January 22, 2019 / 8:50 AM / 5 months ago

Italy's Salvini bashes France over Libya role in new diplomatic spat

ROME (Reuters) - Deputy Prime Minister Matteo Salvini, stoking a war of words between Rome and Paris, said on Tuesday that France did not want to bring calm to Libya because its energy interests there clashed with those of Italy.

FILE PHOTO: Italian Deputy Prime Minister and right-wing League party leader Matteo Salvini attends a news conference at the Foreign Press Club in Rome, Italy December 10, 2018. REUTERS/Tony Gentile/File Photo

Relations between Italy and France, traditionally close allies, have grown frosty since the far-right League and anti-establishment 5-Star Movement formed a coalition last year and took aim at pro-EU French President Emmanuel Macron.

A source in Macron’s office dismissed the latest attack as “ludicrous”, while Italian Prime Minister Giuseppe Conte sought to ease the escalating tensions, saying relations between the two countries remained strong despite a string of recent rows.

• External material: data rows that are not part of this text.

lemma fourth_power_add_le: "(b + z)^4 \<le> 8 * b^4 + 8 * z^4" for b z :: real
proof -
  have "(b + z)^2 \<le> 2 * b^2 + 2 * z^2"
    using zero_le_power2[of "b - z"] by (simp add: power2_eq_square algebra_simps)
  then have "((b + z)^2)^2 \<le> (2 * b^2 + 2 * z^2)^2"
    by (intro power_mono) auto
  also have "\<dots> \<le> 8 * b^4 + 8 * z^4"
    using zero_le_power2[of "b^2 - z^2"] by (simp add: power2_eq_square power4_eq_xxxx algebra_simps)
  finally show ?thesis by simp
qed

lemma integrable_std_normal_sq_excess: "integrable lborel (\<lambda>z. \<phi> z * sq_excess t (b + z))"
  using square_add_le_quartic[of b] sq_excess_nonneg[of t] sq_excess_le[of t]
  by (intro integrable_std_normal_mult_quartic_bounded[where A = "2 * b^2 + 2" and B = 2])
    (auto intro: order_trans)

lemma integrable_std_normal_sq_capped: "integrable lborel (\<lambda>z. \<phi> z * sq_capped t (b + z))"
  using sq_capped_bounds[of t]
  by (intro integrable_std_normal_mult_quartic_bounded[where A = "t^2" and B = 0]) auto

lemma integrable_std_normal_sq_excess_diff_square:
  "integrable lborel (\<lambda>z. \<phi> z * (sq_excess t (b + z) - c)^2)"
proof (rule integrable_std_normal_mult_quartic_bounded[where A = "2 * c^2 + 16 * b^4" and B = 16])
  fix z
  have "(sq_excess t (b + z) - c)^2 \<le> 2 * (sq_excess t (b + z))^2 + 2 * c^2"
    using zero_le_power2[of "sq_excess t (b + z) + c"] by (simp add: power2_eq_square algebra_simps)
  also have "(sq_excess t (b + z))^2 \<le> ((b + z)^2)^2"
    using sq_excess_nonneg sq_excess_le by (intro power_mono) auto
  finally show "\<bar>(sq_excess t (b + z) - c)^2\<bar> \<le> 2 * c^2 + 16 * b^4 + 16 * z^4"
    using fourth_power_add_le[of b z] by simp
qed simp

lemma integral_std_normal_sq_excess:
  "(\<integral>z. \<phi> z * sq_excess t (b + z) \<partial>lborel) = b^2 + 1 - (\<integral>z. \<phi> z * sq_capped t (b + z) \<partial>lborel)"
proof -
  have "(\<integral>z. \<phi> z * sq_excess t (b + z) \<partial>lborel)
      = (\<integral>z. \<phi> z * (b + z)^2 - \<phi> z * sq_capped t (b + z) \<partial>lborel)"
    by (simp add: sq_excess_eq_sq_minus_capped algebra_simps)
  also have "\<dots> = b^2 + 1 - (\<integral>z. \<phi> z * sq_capped t (b + z) \<partial>lborel)"
    using has_bochner_integral_std_normal_shift_square[of b] integrable_std_normal_sq_capped
    by (simp add: has_bochner_integral_iff)
  finally show ?thesis .
qed

lemma integral_std_normal_sq_capped_bounds:
  "0 \<le> (\<integral>z. \<phi> z * sq_capped t (b + z) \<partial>lborel)"
  "(\<integral>z. \<phi> z * sq_capped t (b + z) \<partial>lborel) \<le> t^2"
proof -
  show "0 \<le> (\<integral>z. \<phi> z * sq_capped t (b + z) \<partial>lborel)"
    by (simp add: Bochner_Integration.integral_nonneg sq_capped_bounds)
  have "(\<integral>z. \<phi> z * sq_capped t (b + z) \<partial>lborel) \<le> (\<integral>z. \<phi> z * t^2 \<partial>lborel)"
    using integrable_std_normal_sq_capped
    by (intro integral_mono) (auto simp: sq_capped_bounds mult_left_mono)
  then show "(\<integral>z. \<phi> z * sq_capped t (b + z) \<partial>lborel) \<le> t^2"
    by simp
qed

lemma std_normal_sq_excess_bias_le:
  "\<bar>(\<integral>z. \<phi> z * sq_excess t (a + z) \<partial>lborel) - (\<integral>z. \<phi> z * sq_excess t z \<partial>lborel) - a^2\<bar>
    \<le> min (a^2) (t^2)"
proof -
  have "(\<integral>z. \<phi> z * sq_excess t z \<partial>lborel) \<le> (\<integral>z. \<phi> z * sq_excess t (a + z) \<partial>lborel)"
    by (rule std_normal_integral_le_shift)
      (auto simp: sq_excess_mono integrable_std_normal_sq_excess)
  moreover have "(\<integral>z. \<phi> z * sq_capped t z \<partial>lborel) \<le> (\<integral>z. \<phi> z * sq_capped t (a + z) \<partial>lborel)"
    by (rule std_normal_integral_le_shift)
      (auto simp: sq_capped_mono integrable_std_normal_sq_capped)
  ultimately show ?thesis
    using integral_std_normal_sq_excess[of t a] integral_std_normal_sq_excess[of t 0]
      integral_std_normal_sq_capped_bounds[of t a] integral_std_normal_sq_capped_bounds[of t 0]
    by (simp add: abs_le_iff min_def)
qed

section \<open>A Mills-ratio bound\<close>

text \<open>
  This primitive encodes \<open>\<integral>\<^sub>t\<^sup>\<infinity> (z\<^sup>2 - t\<^sup>2) \<phi> z dz = t \<phi> t - (t\<^sup>2 - 1) (1 - \<Phi> t)\<close>
  combined with the Mills-ratio bound \<open>1 - \<Phi> t \<ge> \<phi> t (1/t - 1/t\<^sup>3)\<close>.
\<close>
definition mills_primitive :: "real \<Rightarrow> real \<Rightarrow> real" where
  "mills_primitive t z = - \<phi> z * (z + (1 - t^2) / z + (t^2 - 1) / z^3)"

lemma has_real_derivative_std_normal_density: "(\<phi> has_real_derivative - z * \<phi> z) (at z)"
proof -
  have "((\<lambda>z. 1 / sqrt (2 * pi) * exp (- z\<^sup>2 / 2)) has_real_derivative
      1 / sqrt (2 * pi) * (exp (- z\<^sup>2 / 2) * (- z))) (at z)"
    by (intro DERIV_cmult) (auto intro!: derivative_eq_intros)
  then show ?thesis
    by (simp add: std_normal_density_def[abs_def] std_normal_density_def mult.commute)
qed

lemma has_real_derivative_mills_primitive:
  assumes "0 < z"
  shows "(mills_primitive t has_real_derivative \<phi> z * (z^2 - t^2 + 3 * (t^2 - 1) / z^4)) (at z)"
proof -
  define h where "h = (\<lambda>z. z + (1 - t^2) / z + (t^2 - 1) / z^3)"
  define h' where "h' = 1 - (1 - t^2) / z^2 - 3 * (t^2 - 1) / z^4"
  have "(h has_real_derivative h') (at z)"
    unfolding h_def h'_def using assms
    by (auto intro!: derivative_eq_intros simp: field_simps power2_eq_square power3_eq_cube power4_eq_xxxx)
  then have "((\<lambda>z. - (\<phi> z * h z)) has_real_derivative - (- z * \<phi> z * h z + h' * \<phi> z)) (at z)"
    by (intro DERIV_minus DERIV_mult has_real_derivative_std_normal_density)
  moreover have "- (- z * \<phi> z * h z + h' * \<phi> z) = \<phi> z * (z^2 - t^2 + 3 * (t^2 - 1) / z^4)"
    unfolding h_def h'_def using assms
    by (simp add: field_simps power2_eq_square power3_eq_cube power4_eq_xxxx)
  ultimately show ?thesis
    by (simp add: mills_primitive_def[abs_def] h_def)
qed

lemma mills_primitive_tendsto: "(mills_primitive t \<longlongrightarrow> 0) at_top"
  unfolding mills_primitive_def[abs_def] std_normal_density_def by real_asymp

On Monday France summoned Italy’s ambassador after Salvini’s fellow deputy prime minister, Luigi Di Maio, accused Paris of creating poverty in Africa and generating mass migration to Europe.

Salvini backed up Di Maio, saying France was looking to extract wealth from Africa rather than helping countries develop their own economies, and pointed particularly to Libya, which has been in turmoil since a NATO-backed uprising in 2011 that overthrew strongman Muammar Gaddafi.

“In Libya, France has no interest in stabilising the situation, probably because it has oil interests that are opposed to those of Italy,” Salvini told Canale 5 TV station.

A French diplomatic source said it was not the first time that Salvini had made such comments and that it was probably because he felt he had been upstaged by Di Maio.

The source added that the accusation was baseless and reiterated that French efforts in Libya were aimed at stabilising the country, preventing the spread of terrorism and curbing the migration flows.

Italy’s Eni and France’s Total have separate joint ventures in Libya, but Eni’s CEO Claudio Descalzi denied in a newspaper interview last year that there was any conflict between the two firms in the north African state.

DIPLOMATIC RUPTURE

Salvini is head of the League, while Di Maio leads 5-Star. Both are campaigning hard for European parliamentary elections in May and are eager to show they have broken with the consensual politics of centre-left and centre-right parties.

The two men have repeatedly targeted neighbouring France and accused Macron of doing nothing to help handle the hundreds of thousands of mainly African migrants who have reached Italy from Libya in recent years.

Asked about the latest diplomatic spat, Salvini said on Tuesday: “France has no reason to get upset because it pushed away tens of thousands of migrants (at the French border), abandoning them there as though they were beasts. We won’t take any lessons on humanity from Macron.”

A French presidential source said populist forces in Italy and elsewhere were looking to undermine countries like France and Germany which wanted to strengthen the European Union.

FILE PHOTO: Italian Prime Minister Giuseppe Conte speaks during a meeting with Italian businessmen at the Kremlin in Moscow, Russia October 24, 2018. Sergei Chirikov/Pool via REUTERS/File Photo

“The European elections will be the place where we confront those — as you can see again today with the ludicrous comments from the Italian government — who seek to destroy the European project and the Franco-German partnership,” the source said.

Looking to prevent a diplomatic rupture, the Italian prime minister issued a statement praising relations with Paris, saying that Rome merely wanted a debate within Europe on difficult issues such as immigration.

“This (row) does not call into question our historic friendship with France, nor with the French people. This relationship remains strong and steady in spite of any political disputes,” Conte said in a statement.